Mission des inspecteurs des IC en 2019

Parution de l’Instruction du Gouvernement du 4 décembre 2018 sur les actions nationales 2019 de l’inspection des installations classées

A noter en introduction de Monsieur le Ministre un petit paragraphe sur les délais d’instruction des projets pour la compétitivité des territoires

« Je compte sur votre engagement pour que ces missions qui visent à préserver au quotidien la sécurité, la santé et l’environnement au voisinage des sites industriels soient menées avec rigueur. Cet objectif passe par une présence forte sur le terrain et une attention particulière aux délais d’instructions des projets industriels, composante essentielle pour la compétitivité de notre territoire. Vous veillerez donc, dans l’examen des dossiers, à adopter une approche proportionnée en fonction des enjeux et de la sensibilité des milieux (notamment dans les zones en contentieux qualité de l’air, s’agissant des émissions dans l’air). »

Différentes missions :

Actions prioritaires

  • L’identification des installations de combustion qui seront soumises à la prochaine période (2020-2030) prévue par le système européen d’échange de quotas CO2, et la préparation du rapportage à la Commission européenne ;
  • Fin de l’investissement initial relatif aux secteurs d’information sur les sols et gestion des sites pollués à risque sanitaire avéré : Dans quelques régions, le calendrier de mise en place initiale du dispositif SIS (secteurs d’information sur les sols) n’a pas été tenu. Dans celles-ci, l’année 2019 devra être mise à profit pour finaliser les dossiers qui n’ont pu être terminés dans les échéances.
  • Mise en œuvre du BREF « Elevages »

 

Points de contrôle systématiques lors des inspections

  • Effectivité des mesures de maîtrise des risques (MMR) et prise en compte des barrières de sécurité
  • Mise en application de la surveillance environnementale autour des carrières : plan de surveillance des émissions de poussières
  • Contrôle du suivi en service des équipements sous pression (ESP) exploités sur les sites à risques (notamment SEVESO )
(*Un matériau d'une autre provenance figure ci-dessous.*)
lemma exists_common_partner:
  assumes echP: "echidna_wrt P t E S n" and echQ: "echidna_wrt Q t E S n" and n: "3 * t - 2 \<le> n"
    and e: "e \<in> E" "e \<notin> (\<Union>i\<in>{1..n}. S i)"
  obtains f where "f \<in> E" "f \<noteq> e" "f \<notin> (\<Union>i\<in>{1..n}. S i)"
    "\<forall>I. I \<subseteq> {1..n} \<and> card I = t - 1 \<longrightarrow> P (insert e (insert f (\<Union>i\<in>I. S i)))"
    "\<forall>I. I \<subseteq> {1..n} \<and> card I = t - 1 \<longrightarrow> Q (insert e (insert f (\<Union>i\<in>I. S i)))"
proof -
  have pp: "pair_partition E S n"
    using echP by (simp add: echidna_wrt_def)
  define I\<^sub>0 where "I\<^sub>0 = {1..t - 1}"
  have I\<^sub>0: "I\<^sub>0 \<subseteq> {1..n}" "card I\<^sub>0 = t - 1"
    unfolding I\<^sub>0_def using n by auto
  obtain f where f: "f \<noteq> e" "f \<notin> (\<Union>i\<in>{1..n}. S i)" "P (insert e (insert f (\<Union>i\<in>I\<^sub>0. S i)))"
    by (rule exists_partner[OF echQ n e I\<^sub>0])
  have P_all: "P (insert e (insert f (\<Union>i\<in>I. S i)))" if I: "I \<subseteq> {1..n}" "card I = t - 1" for I
  proof -
    obtain f' where f': "f' \<noteq> e" "f' \<notin> (\<Union>i\<in>{1..n}. S i)" "P (insert e (insert f' (\<Union>i\<in>I. S i)))"
      by (rule exists_partner[OF echQ n e I])
    have "f = f'"
      by (rule P_partner_unique[OF echP n e I\<^sub>0 I f f'])
    then show ?thesis
      using f'(3) by simp
  qed
  have Q_all: "Q (insert e (insert f (\<Union>i\<in>I. S i)))" if I: "I \<subseteq> {1..n}" "card I = t - 1" for I
  proof -
    obtain g where g: "g \<noteq> e" "g \<notin> (\<Union>i\<in>{1..n}. S i)" "Q (insert e (insert g (\<Union>i\<in>I. S i)))"
      by (rule dual.exists_partner[OF echP n e I])
    have "t - 1 + card I \<le> n"
      using I(2) n by simp
    then obtain J where "J \<subseteq> {1..n} - I" "card J = t - 1"
      by (rule obtain_index_set_avoiding[OF I(1)])
    then have J: "J \<subseteq> {1..n}" "card J = t - 1" "J \<inter> I = {}"
      by blast+
    have "f = g"
      by (rule partners_agree[OF pp J(1) I(1) J(3) e(2) f(2) g(2) f(1) g(1) P_all[OF J(1,2)] g(3)])
    then show ?thesis
      using g(3) by simp
  qed
  have "f \<in> E"
    using P_subset[OF f(3)] by blast
  then show thesis
    using that f(1,2) P_all Q_all by blast
qed

lemma echidnas_extend_by_pair:
  assumes echP: "echidna_wrt P t E S n" and echQ: "echidna_wrt Q t E S n" and n: "3 * t - 2 \<le> n"
    and e: "e \<in> E" "e \<notin> (\<Union>i\<in>{1..n}. S i)"
  obtains f where "echidna_wrt P t E (S(Suc n := {e, f})) (Suc n)"
    "echidna_wrt Q t E (S(Suc n := {e, f})) (Suc n)"
proof -
  obtain f where f: "f \<in> E" "f \<noteq> e" "f \<notin> (\<Union>i\<in>{1..n}. S i)"
    "\<forall>I. I \<subseteq> {1..n} \<and> card I = t - 1 \<longrightarrow> P (insert e (insert f (\<Union>i\<in>I. S i)))"
    "\<forall>I. I \<subseteq> {1..n} \<and> card I = t - 1 \<longrightarrow> Q (insert e (insert f (\<Union>i\<in>I. S i)))"
    by (rule exists_common_partner[OF echP echQ n e])
  have ef: "{e, f} \<subseteq> E" "e \<noteq> f"
    using e(1) f(1,2) by auto
  have "echidna_wrt P t E (S(Suc n := {e, f})) (Suc n)"
    using f(4) by (intro echidna_wrt_extend[OF echP t_pos ef e(2) f(3)]) auto
  moreover have "echidna_wrt Q t E (S(Suc n := {e, f})) (Suc n)"
    using f(5) by (intro echidna_wrt_extend[OF echQ t_pos ef e(2) f(3)]) auto
  ultimately show thesis
    by (rule that)
qed

lemma echidnas_extend_to_cover:
  assumes "echidna_wrt P t E S n" "echidna_wrt Q t E S n" "3 * t - 2 \<le> n"
  shows "\<exists>m S'. n \<le> m \<and> (\<forall>i\<in>{1..n}. S' i = S i) \<and> (\<Union>i\<in>{1..m}. S' i) = E \<and>
           echidna_wrt P t E S' m \<and> echidna_wrt Q t E S' m"
  using assms
proof (induction "card (E - (\<Union>i\<in>{1..n}. S i))" arbitrary: n S rule: less_induct)
  case less
  have pp: "pair_partition E S n"
    using less.prems(1) by (simp add: echidna_wrt_def)
  show ?case
  proof (cases "(\<Union>i\<in>{1..n}. S i) = E")
    case True
    then show ?thesis
      using less.prems(1,2) by blast
  next
    case False
    then obtain e where e: "e \<in> E" "e \<notin> (\<Union>i\<in>{1..n}. S i)"
      using pair_partition_UN_subset[OF pp order_refl] by blast
    then obtain f where ech: "echidna_wrt P t E (S(Suc n := {e, f})) (Suc n)"
      "echidna_wrt Q t E (S(Suc n := {e, f})) (Suc n)"
      by (rule echidnas_extend_by_pair[OF less.prems])
    define S' where "S' = S(Suc n := {e, f})"
    have "E - (\<Union>i\<in>{1..Suc n}. S' i) \<subseteq> E - (\<Union>i\<in>{1..n}. S i)"
      "e \<in> E - (\<Union>i\<in>{1..n}. S i)" "e \<notin> E - (\<Union>i\<in>{1..Suc n}. S' i)"
      unfolding S'_def UN_fun_upd_Suc using e by blast+
    then have "E - (\<Union>i\<in>{1..Suc n}. S' i) \<subset> E - (\<Union>i\<in>{1..n}. S i)"
      by blast
    then have "card (E - (\<Union>i\<in>{1..Suc n}. S' i)) < card (E - (\<Union>i\<in>{1..n}. S i))"
      using finite_E by (intro psubset_card_mono) auto
    moreover have "3 * t - 2 \<le> Suc n"
      using less.prems(3) by simp
    ultimately obtain m S'' where S'': "Suc n \<le> m" "\<forall>i\<in>{1..Suc n}. S'' i = S' i"
      "(\<Union>i\<in>{1..m}. S'' i) = E" "echidna_wrt P t E S'' m" "echidna_wrt Q t E S'' m"
      using less.hyps ech unfolding S'_def by blast
    have "S'' i = S i" if "i \<in> {1..n}" for i
      using S''(2) that by (force simp: S'_def)
    then show ?thesis
      using S'' by (intro exI[of _ m] exI[of _ S'']) auto
  qed
qed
Point de contrôle lors des inspections Actions au choix….: Chaque région doit mettre en œuvre une action dans la liste A.1 à A.3, une action dans la liste B.1 à B.3 et une action dans la liste C.1 à C.3. Un « panachage » entre deux actions de même type est possible.

  • A1. Suivi de la protection cathodique des canalisations de transport et distribution
  • A2. Dispositions prises pour éviter les incendies dans les entrepôts et en limiter les conséquences : Il s’agit de vérifier par des inspections, d’une part le respect effectif des dispositions réglementaires préventives et curatives au regard du risque incendie, notamment la stabilité au feu des structures, d’autre part de la réalité des dispositions organisationnelles prises en complément des mesures techniques pour gérer ce risque (mesures spécifiques en cas d’indisponibilité du sprinklage, exercices d’évacuation des personnes présentes, capacités de l’exploitant à assurer un premier échelon d’intervention).
  • A3. Contrôle de l’état des installations de stockage de bouteilles de gaz (rubrique 4718) : s’assurer de l’état des installations actuellement identifiées, pour comparer leur situation aux nouvelles règles applicables aux déclarations et pouvoir édicter le cas échéant des prescriptions complémentaires. Le cas échéant pour les sites à autorisation, la prescription de l’élaboration d’une étude de dangers s’avérera nécessaire.

 

  • B1. Produits chimiques : inspections en matière de fluides frigorigènes
  • B2. Tours aéroréfrigérantes et biocides : Des contrôles inopinés ou des inspections portant notamment le respect de l’arrêté ministériel applicable et/ou sur la bonne utilisation des produits biocides, seront diligentés, non seulement sur les installations affichant des dépassements importants, mais aussi sur celles ayant en permanence des résultats en legionella pneumophilia à zéro.
  • B3. Emission de substances chimiques préoccupantes : Détecter des installations à l’origine d’émissions de substances préoccupantes qui peuvent être inconnues ou mal maîtrisées, en vue d’encadrer les rejets notamment dans le secteur de la pharmacie. Il conviendra en préalable d’interroger les industriels du secteur pour obtenir la liste des substances utilisées, leur classification et les quantités utilisées en s’appuyant sur la partie Produits Chimiques du code de l’environnement

 

  • C1. Contrôle des déchets admis en installation de stockage de déchets non dangereux
  • C2. Contrôle du respect, par les exploitants d’ICPE, des obligations réglementaires de tri des déchets : la bonne mise en œuvre, par les installations classées qui y sont soumises, du tri « 5 flux » (papier, métal, verre, plastique, bois), et du tri des biodéchets
  • C3. Dispositions prises pour éviter les incendies dans les installations recevant des déchets et en limiter les conséquences : respect effectif des dispositions réglementaires préventives et curatives au regard du risque incendie, notamment le bon contrôle des déchets entrants et les prescriptions d’entreposage des déchets (tonnage, durée, distance d’éloignement entre stocks de déchets, …), d’autre part de la réalité des dispositions organisationnelles prises en complément des mesures techniques pour gérer ce risque.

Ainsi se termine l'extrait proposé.